Ichiba Daisuke
Daisuke Ichiba, né en 1963, est un artiste autodidacte qui revendique son indépendance vis-à-vis des écoles d'art, considérant qu'elles imposent des contraintes aux individus. Imprégné par diverses influences culturelles, il puise son inspiration dans des expériences marquantes de son enfance, notamment les funérailles de sa mère et les rencontres fortuites avec des cadavres d'animaux en décomposition lors de promenades dans la campagne et la montagne. C'est de là que provient sa fascination pour la peinture bouddhiste "Kusôzu", qui exprime la vanité et la fragilité de l'existence humaine, des thèmes récurrents dans son travail artistique.
À partir de la fin des années 1980, Ichiba développe son art à Tokyo dans une pratique underground et DIY (Do It Yourself), axée sur le dessin et l'autopublication d'ouvrages graphiques, évoluant en marge des institutions muséales et éditoriales. Il crée ainsi en toute liberté, sans se soumettre aux contraintes esthétiques et professionnelles imposées par les institutions. Son travail s'inscrit dans la lignée du courant heta-uma, initié par Teruhiko Yumura, qui prônait la spontanéité d'une "maladresse virtuose". Ichiba développe un style singulier, qu'il qualifie lui-même de "nandemo ari" ("ouvert à toute possibilité"), mêlant réalisme, abstraction, motifs répétitifs, bande dessinée et dessins enfantins, qu'il équilibre grâce à son sens esthétique personnel.
Dans ses différentes pratiques artistiques, telles que la réalisation de livres, le dessin, la peinture, le collage, la photographie, la vidéo, la musique et la performance, Ichiba cherche à équilibrer des éléments disparates pour parvenir à une harmonie qui ne nie pas les différences et les tensions, intensifiant ainsi la puissance suggestive de ses images. Il considère que les choses forment des paires ou des ensembles et ne se satisfait pas tant qu'il n'a pas intégré toutes leurs composantes dans un même plan.
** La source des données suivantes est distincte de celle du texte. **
(* Let $n\ge2$, let $G$ be an absolutely continuous distribution function on $[0,\infty)$, $\lambda>0$, $\alpha_1,\dots,\alpha_n,\alpha^*_1,\dots,\alpha^*_n>0$. Let $\phi_1,\phi_2$ be Archimedean generators with pseudo-inverses $\psi_1,\psi_2$. Let $\boldsymbol{X}=(X_1,\dots,X_n)$ have joint distribution function $\phi_1\big(\sum_{i=1}^n\psi_1([G(\lambda x_i)]^{\alpha_i})\big)$ and $\boldsymbol{X}^*=(X^*_1,\dots,X^*_n)$ have joint distribution function $\phi_2\big(\sum_{i=1}^n\psi_2([G(\lambda x_i)]^{\alpha^*_i})\big)$ (i.e. marginals $[G(\lambda x)]^{\alpha_i}$, resp. $[G(\lambda x)]^{\alpha^*_i}$, and Archimedean copulas with generators $\phi_1$, resp. $\phi_2$). (i) If $\phi_1$ or $\phi_2$ is log-convex, $\psi_2\circ\phi_1$ is super-additive, and $\sum_{i=j}^{n}\alpha^*_{(i)}\le\sum_{i=j}^{n}\alpha_{(i)}$ for all $j=1,\dots,n$, then $X_{n:n}\ge_{\rm st}X^*_{n:n}$. (ii) If $\phi_1$ or $\phi_2$ is log-concave, $\psi_1\circ\phi_2$ is super-additive, and $\sum_{i=1}^{j}\alpha^*_{(i)}\ge\sum_{i=1}^{j}\alpha_{(i)}$ for all $j=1,\dots,n$, then $X_{n:n}\le_{\rm st}X^*_{n:n}$.
   Context: An Archimedean generator is an $n$-monotone function $\phi:[0,\infty)\to[0,1]$ with $\phi(0)=1$ and $\lim_{x\to\infty}\phi(x)=0$; $n$-monotone on $(a,b)$ means $(-1)^k\phi^{(k)}\ge0$ for $k=0,\dots,n-2$ and $(-1)^{n-2}\phi^{(n-2)}$ is decreasing and convex. $\psi=\phi^{-1}$ is its pseudo-inverse. A function $h$ is super-additive if $h(x+y)\ge h(x)+h(y)$ for all $x,y\ge0$. $X_{n:n}=\max_i X_i$. For a vector $\boldsymbol{x}$, $x_{(1)}\le\dots\le x_{(n)}$ are its components in increasing order. $X\le_{\rm st}Y$ means $P(X>x)\le P(Y>x)$ for all $x$. *)

theory Defs
  imports "HOL-Probability.Probability"
begin

definition n_monotone_on :: "nat \<Rightarrow> real set \<Rightarrow> (real \<Rightarrow> real) \<Rightarrow> bool" where
  "n_monotone_on n S f \<longleftrightarrow>
     (\<forall>k. k + 2 < n \<longrightarrow> (\<forall>x\<in>S. ((deriv ^^ k) f) differentiable (at x))) \<and>
     (\<forall>k. k + 2 \<le> n \<longrightarrow> (\<forall>x\<in>S. (-1) ^ k * (deriv ^^ k) f x \<ge> 0)) \<and>
     antimono_on S (\<lambda>x. (-1) ^ (n - 2) * (deriv ^^ (n - 2)) f x) \<and>
     convex_on S (\<lambda>x. (-1) ^ (n - 2) * (deriv ^^ (n - 2)) f x)"

definition archimedean_generator :: "nat \<Rightarrow> (real \<Rightarrow> real) \<Rightarrow> bool" where
  "archimedean_generator n \<phi> \<longleftrightarrow>
     (\<forall>x\<ge>0. 0 \<le> \<phi> x \<and> \<phi> x \<le> 1) \<and> \<phi> 0 = 1 \<and>
     continuous_on {0..} \<phi> \<and>
     (\<phi> \<longlongrightarrow> 0) at_top \<and>
     n_monotone_on n {0<..} \<phi>"

text \<open>Pseudo-inverse psi = phi^{-1}, with values in [0,oo]: psi(y) = inf {u \<ge> 0. phi u \<le> y};
  psi(0) = oo when phi is strict (never reaches 0).\<close>
definition pinv :: "(real \<Rightarrow> real) \<Rightarrow> real \<Rightarrow> ereal" where
  "pinv \<phi> y = Inf {ereal u | u. 0 \<le> u \<and> \<phi> u \<le> y}"

definition gen_ext :: "(real \<Rightarrow> real) \<Rightarrow> ereal \<Rightarrow> real" where
  "gen_ext \<phi> z = (if z = \<infinity> then 0 else \<phi> (real_of_ereal z))"
(* Let $\mathbf{k}=(k_1,\dots,k_s)$ be a sequence of positive integers with $\sum_{i=1}^s k_i=n$, and put $n_0=0$, $n_i=\sum_{j=1}^i k_j$. Let $\lambda=(\lambda_1,\dots,\lambda_n)$ be real numbers with $\lambda_1=\cdots=\lambda_{n_1}>\lambda_{n_1+1}=\cdots=\lambda_{n_2}>\cdots>\lambda_{n_{s-1}+1}=\cdots=\lambda_{n_s}$. Then there is a bijection $\phi:\mathcal{F}(\mathcal{P}_\lambda)\to\mathcal{F}(\Gamma_{\mathbf{k}})$ from the set of (nonempty) faces of the Gelfand–Cetlin polytope $\mathcal{P}_\lambda$ to the set of faces of the ladder diagram $\Gamma_{\mathbf{k}}$ such that for all faces $F,F'$ of $\mathcal{P}_\lambda$: $F\subseteq F'$ if and only if $\phi(F)\subseteq\phi(F')$, and $\dim\phi(F)=\dim F$. In particular $\phi$ is an isomorphism of face lattices preserving dimension.
   Context: Gelfand–Cetlin polytope: let $I=\{(i,j)\in\mathbb{Z}^2: i,j\ge1,\ i+j\le n\}$ and $d=|I|=\binom n2$. With coordinates $(x_{i,j})_{(i,j)\in I}$ on $\mathbb{R}^d$ and the convention $x_{i,n+1-i}:=\lambda_i$ for $i=1,\dots,n$, $\mathcal{P}_\lambda=\{x\in\mathbb{R}^d: x_{i,j+1}\ge x_{i,j}\ge x_{i+1,j}\text{ for all }(i,j)\in I\}$. Let $Q^+$ be the infinite directed graph with vertex set $\mathbb{Z}_{\ge0}\times\mathbb{Z}_{\ge0}$ and a directed edge $((i,j),(i',j'))$ iff $(i',j')=(i,j+1)$ or $(i',j')=(i+1,j)$. Terminal vertices: $T_{\mathbf{k}}=\{(n_\ell,n-n_\ell):0\le\ell\le s\}$. The ladder diagram $\Gamma_{\mathbf{k}}$ is the induced subgraph of $Q^+$ on the vertex set $\{(a,b): a\le c,\ b\le d\text{ for some }(c,d)\in T_{\mathbf{k}}\}$. The vertex $(0,0)$ is the origin. A positive path is a shortest (directed) path in $\Gamma_{\mathbf{k}}$ from the origin to a terminal vertex. A face of $\Gamma_{\mathbf{k}}$ is a subgraph $\gamma$ whose vertex set contains all terminal vertices and which is a union of positive paths; $\mathcal{F}(\Gamma_{\mathbf{k}})$ denotes the set of faces, ordered by inclusion of subgraphs. The dimension of a face $\gamma$ is $\operatorname{rank}H_1(\gamma)$, regarding $\gamma$ as a 1-dimensional CW complex (the number of independent cycles). *)

theory Defs
  imports "HOL-Analysis.Analysis"
begin

definition GC_index :: "nat \<Rightarrow> (nat \<times> nat) set" where
  "GC_index n = {(i,j). 1 \<le> i \<and> 1 \<le> j \<and> i + j \<le> n}"

text \<open>The ambient space R^I is realised isometrically inside real^'d via an injective
  labelling e of the index set by coordinates of 'd (other coordinates are 0).\<close>
definition GC_coord :: "nat \<Rightarrow> (nat \<Rightarrow> real) \<Rightarrow> (nat \<times> nat \<Rightarrow> 'd) \<Rightarrow> real ^ 'd \<Rightarrow> nat \<times> nat \<Rightarrow> real" where
  "GC_coord n lam e x p = (if fst p + snd p = n + 1 then lam (fst p) else x $ e p)"

definition GC_polytope :: "nat \<Rightarrow> (nat \<Rightarrow> real) \<Rightarrow> (nat \<times> nat \<Rightarrow> 'd::finite) \<Rightarrow> (real ^ 'd) set" where
  "GC_polytope n lam e =
     {x. (\<forall>t. t \<notin> e ` GC_index n \<longrightarrow> x $ t = 0) \<and>
         (\<forall>(i,j) \<in> GC_index n.
            GC_coord n lam e x (i, j+1) \<ge> GC_coord n lam e x (i, j) \<and>
            GC_coord n lam e x (i, j) \<ge> GC_coord n lam e x (i+1, j))}"

definition nonempty_faces :: "'a::real_vector set \<Rightarrow> 'a set set" where
  "nonempty_faces P = {F. F face_of P \<and> F \<noteq> {}}"

type_synonym vtx = "nat \<times> nat"
type_synonym graph = "vtx set \<times> (vtx \<times> vtx) set"

definition partial_sum :: "nat list \<Rightarrow> nat \<Rightarrow> nat" where
  "partial_sum k l = sum_list (take l k)"

definition terminals :: "nat list \<Rightarrow> vtx set" where
  "terminals k = {(partial_sum k l, sum_list k - partial_sum k l) | l. l \<le> length k}"

definition ladder_vertices :: "nat list \<Rightarrow> vtx set" where
  "ladder_vertices k = {(a,b). \<exists>(c,d) \<in> terminals k. a \<le> c \<and> b \<le> d}"

definition ladder_edges :: "nat list \<Rightarrow> (vtx \<times> vtx) set" where
  "ladder_edges k = {((a,b),(c,d)). (a,b) \<in> ladder_vertices k \<and> (c,d) \<in> ladder_vertices k \<and>
       ((c,d) = (a, b+1) \<or> (c,d) = (a+1, b))}"

definition ladder_walk :: "nat list \<Rightarrow> vtx list \<Rightarrow> bool" where
  "ladder_walk k p \<longleftrightarrow> p \<noteq> [] \<and> set p \<subseteq> ladder_vertices k \<and>
      (\<forall>i. i + 1 < length p \<longrightarrow> (p ! i, p ! (i+1)) \<in> ladder_edges k)"

definition path_edges :: "vtx list \<Rightarrow> (vtx \<times> vtx) set" where
  "path_edges p = {(p ! i, p ! (i+1)) | i. i + 1 < length p}"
Il cherche à créer une harmonie de divers états humains, tels que la douceur, la violence, la beauté, la laideur, le mignon et le bouffon, à partir du "chaos", qu'il définit comme un espace où tout se mêle et fusionne, sa principale source d'inspiration.
Le monde inquiétant et fascinant d'Ichiba, bien que parfois flirtant avec les codes de l'ero-guro, genre artistique japonais combinant des éléments érotiques, macabres et grotesques, transcende ces catégories pour créer son propre "chaosmos". Son univers est peuplé de jeunes filles élancées, de militaires ridicules mais tyranniques, de monstres polymorphes revisitant l'univers des yôkai, le tout dans des architectures instables et des milieux naturels déchaînés. Sa quête d'harmonie à partir de disparités indépassables est celle d'un maître en l'art subtil d'équilibrer les dissonances.